── RECORDED DATA ──

lemma sum_winding_number_circlepath_zorder_poly:
  fixes p :: "complex poly"
  assumes "p \<noteq> 0" "0 < \<rho>" "\<And>z. cmod z = \<rho> \<Longrightarrow> poly p z \<noteq> 0"
  shows "(\<Sum>z | poly p z = 0. winding_number (circlepath 0 \<rho>) z * of_int (zorder (poly p) z))
           = of_nat (size (filter_mset (\<lambda>z. cmod z < \<rho>) (proots p)))"
proof -
  have winding: "winding_number (circlepath 0 \<rho>) z = (if cmod z < \<rho> then 1 else 0)"
    if "poly p z = 0" for z
  proof (cases "cmod z < \<rho>")
    case False
    with assms(3) that have "z \<notin> cball 0 \<rho>"
      by force
    then have "winding_number (circlepath 0 \<rho>) z = 0"
      using assms(2) by (intro winding_number_zero_outside[where s = "cball 0 \<rho>"]) auto
    then show ?thesis
      using False by simp
  qed (auto intro: winding_number_circlepath)
  have "(\<Sum>z | poly p z = 0. winding_number (circlepath 0 \<rho>) z * of_int (zorder (poly p) z))
      = (\<Sum>z | poly p z = 0. if cmod z < \<rho> then of_nat (order z p) else 0)"
    by (intro sum.cong) (auto simp: winding zorder_poly[OF assms(1)])
  also have "\<dots> = (\<Sum>z | poly p z = 0 \<and> cmod z < \<rho>. of_nat (order z p))"
    using poly_roots_finite[OF assms(1)] by (simp add: sum.inter_filter[symmetric] conj_commute)
  also have "\<dots> = of_nat (size (filter_mset (\<lambda>z. cmod z < \<rho>) (proots p)))"
    by (simp add: size_filter_proots[OF assms(1)])
  finally show ?thesis .
qed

───

● EXERCISE AIM: Please filter the entries for the word "auto" and copy the lines that have it.

● EXPECTED ANSWER:
      using assms(2) by (intro winding_number_zero_outside[where s = "cball 0 \<rho>"]) auto
  qed (auto intro: winding_number_circlepath)
    by (intro sum.cong) (auto simp: winding zorder_poly[OF assms(1)])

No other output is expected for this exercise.